Buster spent some years in Indy and other locations before once again following his big brother to Los Angeles and voice-over work.
Well, now it's all over.
He died this week following complications from heart surgery.
He was 70.
Chuck died a number of years ago, also of a heart ailment, at the age of 66.
I worked with Chuck but never directly with Buster, though he was just starting at WNAP as I was getting ready to leave WIBC.
The back room and the front room, as they were known back around 1969-1971.
So . . . so long, Buster.
Like Chuck, you'll be long remembered.
April and May and June are big birthday months in our family.
The BRD's birthday was nearly a week ago.
My son's birthday was yesterday.
My birthday is coming up in less than a week.
SWMBO's birthday is next month.
Our younger daughter's birthday is in June.
Gadfrey!
After all that, plus our wedding anniversary, it's little wonder that we are exhausted.
Not only that.
I heard from my son late last night, saying that he had not done much on his birthday yesterday.
Just entertained the grandchildren in the afternoon.
The GRAND-children!
That means our GREAT-grandchildren.
Talk about making a guy feel old!
So we went out to a Mexican restaurant this afternoon . . . Judy and I and Gayle . . . to celebrate multiple trips around the sun.

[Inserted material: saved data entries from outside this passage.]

lemma bij_betw_mask_down_set:
  assumes "k \<in> Zqn q n"
  shows "bij_betw (mask k) (Pow (supp0 n k)) {m \<in> Zqn q n. qle n m k}"
proof (rule bij_betw_byWitness[where f' = "supp0 n"])
  show "\<forall>A\<in>Pow (supp0 n k). supp0 n (mask k A) = A"
    using supp0_mask by blast
  show "\<forall>m\<in>{m \<in> Zqn q n. qle n m k}. mask k (supp0 n m) = m"
    by (force simp: fun_eq_iff mask_def supp0_def qle_def Zqn_def)
  show "mask k ` Pow (supp0 n k) \<subseteq> {m \<in> Zqn q n. qle n m k}"
    using assms by (auto simp: mask_def supp0_def qle_def Zqn_def)
  show "supp0 n ` {m \<in> Zqn q n. qle n m k} \<subseteq> Pow (supp0 n k)"
    unfolding supp0_def qle_def by force
qed

lemma mobius_eq_sum_Pow_supp0:
  assumes "k \<in> Zqn q n"
  shows "mobius q n f k = (\<Sum>A\<in>Pow (supp0 n k). (-1) ^ (norm0 n k - card A) * f (mask k A))"
  unfolding mobius_def sum.reindex_bij_betw[OF bij_betw_mask_down_set[OF assms], symmetric]
  by (intro sum.cong refl) (simp add: norm0_diff_mask)

lemma mobius_inversion:
  assumes r: "r \<in> Zqn q n"
  shows "f r = (\<Sum>k\<in>{k \<in> Zqn q n. qle n k r}. mobius q n f k)"
proof -
  let ?S = "supp0 n r"
  let ?g = "\<lambda>B. f (mask r B)"
  have "(\<Sum>k\<in>{k \<in> Zqn q n. qle n k r}. mobius q n f k) = (\<Sum>T\<in>Pow ?S. mobius q n f (mask r T))"
    by (rule sum.reindex_bij_betw[OF bij_betw_mask_down_set[OF r], symmetric])
  also have "\<dots> = (\<Sum>T\<in>Pow ?S. (-1) ^ card T * (\<Sum>B\<in>Pow T. (-1) ^ card B * ?g B))"
  proof (intro sum.cong refl)
    fix T assume T: "T \<in> Pow ?S"
    then have "finite T"
      using finite_supp0 finite_subset by blast
    have sign: "(-1::real) ^ (card T - card B) = (-1) ^ card T * (-1) ^ card B" if "B \<subseteq> T" for B
    proof -
      have "card B \<le> card T"
        using that \<open>finite T\<close> by (rule card_mono[rotated])
      then show ?thesis
        by (simp add: neg_one_power_add_eq_neg_one_power_diff[symmetric] power_add)
    qed
    have "mobius q n f (mask r T) = (\<Sum>B\<in>Pow T. (-1) ^ (card T - card B) * ?g B)"
      using T by (simp add: mobius_eq_sum_Pow_supp0 mask_in_Zqn[OF r] supp0_mask mask_mask norm0_def)
    then show "mobius q n f (mask r T) = (-1) ^ card T * (\<Sum>B\<in>Pow T. (-1) ^ card B * ?g B)"
      by (simp add: sign sum_distrib_left mult.assoc)
  qed
  also have "\<dots> = ?g ?S"
    by (rule inclusion_exclusion_symmetric[OF _ finite_supp0, symmetric]) simp
  finally show ?thesis
    by (simp add: mask_supp0[OF r])
qed

lemma up_set_vanishing_on_eq_empty:
  assumes "supp0 n k \<inter> T \<noteq> {}"
  shows "{r \<in> Zqn q n. (\<forall>j\<in>T. r j = 0) \<and> qle n k r} = {}"
  using assms unfolding supp0_def qle_def by force

lemma up_set_vanishing_on_eq:
  assumes "k \<in> Zqn q n" and "T \<subseteq> {1..n}" and "supp0 n k \<inter> T = {}"
  shows "{r \<in> Zqn q n. (\<forall>j\<in>T. r j = 0) \<and> qle n k r} =
    {r. (\<forall>j\<in>{1..n} - T - supp0 n k. r j < q) \<and> (\<forall>j. j \<notin> {1..n} - T - supp0 n k \<longrightarrow> r j = k j)}"
    (is "?L = ?R")
proof (intro set_eqI iffI)
  fix r assume "r \<in> ?L"
  then have r: "r \<in> Zqn q n" "\<forall>j\<in>T. r j = 0" "qle n k r"
    by auto
  have "r j = k j" if "j \<notin> {1..n} - T - supp0 n k" for j
  proof (cases "j \<in> {1..n}")
    case False
    then show ?thesis
      using r(1) assms(1) by (simp add: Zqn_def)
  next
    case True
    then have "j \<in> T \<and> k j = 0 \<or> k j \<noteq> 0"
      using that assms(3) by (auto simp: supp0_def)
    then show ?thesis
      using True r(2) bspec[OF r(3)[unfolded qle_def] True] by auto
  qed
  then show "r \<in> ?R"
    using r(1) by (simp add: Zqn_def)
next
  fix r assume "r \<in> ?R"
  then show "r \<in> ?L"
    using assms unfolding Zqn_def supp0_def qle_def by auto
qed

lemma card_up_set_vanishing_on:
  assumes "k \<in> Zqn q n" and "T \<subseteq> {1..n}" and "supp0 n k \<inter> T = {}"
  shows "card {r \<in> Zqn q n. (\<forall>j\<in>T. r j = 0) \<and> qle n k r} = q ^ (card ({1..n} - T) - norm0 n k)"
proof -
  have "supp0 n k \<subseteq> {1..n} - T"
    using assms(3) supp0_subset by blast
  then have "card ({1..n} - T - supp0 n k) = card ({1..n} - T) - norm0 n k"
    by (simp add: norm0_def card_Diff_subset finite_supp0)
  then show ?thesis
    unfolding up_set_vanishing_on_eq[OF assms] by (subst card_agreeing_outside) auto
qed

lemma valfun_eq_sum_mobius:
  assumes "q > 0" and "T \<subseteq> {1..n}"
  shows "valfun q n f T =
    (\<Sum>k\<in>Zqn q n. if supp0 n k \<inter> T = {} then mobius q n f k / real q ^ norm0 n k else 0)"
proof -
  let ?R = "{r \<in> Zqn q n. \<forall>j\<in>T. r j = 0}"
  let ?a = "card ({1..n} - T)"
  have "(\<Sum>r\<in>?R. f r) = (\<Sum>r\<in>?R. \<Sum>k\<in>{k \<in> Zqn q n. qle n k r}. mobius q n f k)"
    by (intro sum.cong refl) (simp add: mobius_inversion)
  also have "\<dots> = (\<Sum>k\<in>Zqn q n. \<Sum>r\<in>{r \<in> ?R. qle n k r}. mobius q n f k)"
    by (rule sum.swap_restrict) (simp_all add: finite_Zqn)
  also have "\<dots> = (\<Sum>k\<in>Zqn q n. real (card {r \<in> Zqn q n. (\<forall>j\<in>T. r j = 0) \<and> qle n k r}) * mobius q n f k)"
    by (simp add: conj_assoc)
  finally have "valfun q n f T =
      (\<Sum>k\<in>Zqn q n. real (card {r \<in> Zqn q n. (\<forall>j\<in>T. r j = 0) \<and> qle n k r}) * mobius q n f k / real q ^ ?a)"
    by (simp add: valfun_def sum_divide_distrib)
  also have "\<dots> = (\<Sum>k\<in>Zqn q n. if supp0 n k \<inter> T = {} then mobius q n f k / real q ^ norm0 n k else 0)"
  proof (intro sum.cong refl)
    fix k assume k: "k \<in> Zqn q n"
    show "real (card {r \<in> Zqn q n. (\<forall>j\<in>T. r j = 0) \<and> qle n k r}) * mobius q n f k / real q ^ ?a =
      (if supp0 n k \<inter> T = {} then mobius q n f k / real q ^ norm0 n k else 0)"
    proof (cases "supp0 n k \<inter> T = {}")
      case True
      then have "norm0 n k \<le> ?a"
        unfolding norm0_def using supp0_subset by (intro card_mono) auto
      then have "real q ^ (?a - norm0 n k) = real q ^ ?a / real q ^ norm0 n k"
        using assms(1) by (simp add: power_diff)
      then show ?thesis
        using True assms(1) by (simp add: card_up_set_vanishing_on[OF k assms(2) True])
    qed (simp add: up_set_vanishing_on_eq_empty)
  qed
  finally show ?thesis .
qed

lemma valfun_insert_diff:
  assumes "q > 0" and "i \<in> {1..n}" and "T \<subseteq> {1..n}"
  shows "valfun q n f (insert i T) - valfun q n f T =
    - (\<Sum>k\<in>Zqn q n. if k i \<noteq> 0 \<and> supp0 n k \<inter> T = {} then mobius q n f k / real q ^ norm0 n k else 0)"
  using assms
  by (simp add: valfun_eq_sum_mobius sum_subtractf[symmetric] sum_negf[symmetric])
    (intro sum.cong refl, auto simp: mem_supp0_iff)

theorem theorem1:
  fixes q n :: nat and f :: "(nat \<Rightarrow> nat) \<Rightarrow> real" and i :: nat
  assumes "q \<ge> 2" and "n \<ge> 1" and "i \<in> {1..n}"
  shows "shapley q n f i =
    - (\<Sum>k\<in>{k\<in>Zqn q n. k i \<noteq> 0}.
         mobius q n f k / (real (norm0 n k) * real q ^ norm0 n k))"
proof -
  let ?c = "\<lambda>k. mobius q n f k / real q ^ norm0 n k"
  (* a defined constant rather than an abbreviation: the simplifier would rewrite {1..n} inside it
     and then fail to match weights *)
  define P where "P = Pow ({1..n} - {i})"
  have weights: "(\<Sum>T\<in>P. if supp0 n k \<inter> T = {} then shapley_weight n T else 0) = 1 / real (norm0 n k)"
    if "k i \<noteq> 0" for k
    using sum_shapley_weight_disjoint[OF _ supp0_subset] mem_supp0_iff[OF assms(3)] that
    by (simp add: P_def norm0_def)
  have "shapley q n f i = - (\<Sum>T\<in>P. \<Sum>k\<in>Zqn q n.
      shapley_weight n T * (if k i \<noteq> 0 \<and> supp0 n k \<inter> T = {} then ?c k else 0))"
    using assms
    by (simp add: P_def shapley_eq_sum_shapley_weight valfun_insert_diff sum_distrib_left sum_negf subset_iff)
  also have "\<dots> = - (\<Sum>k\<in>Zqn q n.
      if k i \<noteq> 0 then ?c k * (\<Sum>T\<in>P. if supp0 n k \<inter> T = {} then shapley_weight n T else 0) else 0)"
    by (subst sum.swap) (auto simp: sum_distrib_left mult_ac intro!: sum.cong)
  also have "\<dots> = - (\<Sum>k\<in>{k\<in>Zqn q n. k i \<noteq> 0}. mobius q n f k / (real (norm0 n k) * real q ^ norm0 n k))"
    by (simp add: weights sum.inter_filter finite_Zqn mult.commute cong: if_cong)
  finally show ?thesis .
qed

end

It was good, actually great.
The Margaritas were fine.
The food was wonderful and much of it came home with us.
So how did we look afterward?
With apologies to the BRD, whose picture I neglected to take . . . first SWMBO, whom I know you all want to see.
And then your faithful scribe.
Last Friday morning I decided to try broiling a couple of eggs in our muffin tin.
The first time I opened the oven door I was met with a cloud of smoke.
SWMBO estimates that muffin tin had been with us for a few decades and maybe it's time to throw the relic out.
I gladly leaped at her suggestion and did a bit of searching on-line before suggesting that now they had ones made out of silicon that made baking and exiting the pan as easy as A, B, C.
She said she thought they might be difficult to get into the oven if they were loaded with something sort of liquid and suggested maybe to just get the silicon-coated non-stick metal pan.
So I went to the store before she could change her mind and came home with this.
Yup, it's flexible silicon but it has a metal framework that holds it steady when being put in or taken out of the oven.
SWMBO quickly agreed to my great wisdom in buying it, even though she noted it was the most expensive one in the store.
But then she sent me to the kitchen with instructions to inaugurate it, especially since we had some blueberries in the fridge that were getting close to going bad.
Well, I am never one to turn up my nose at homemade blueberry muffins.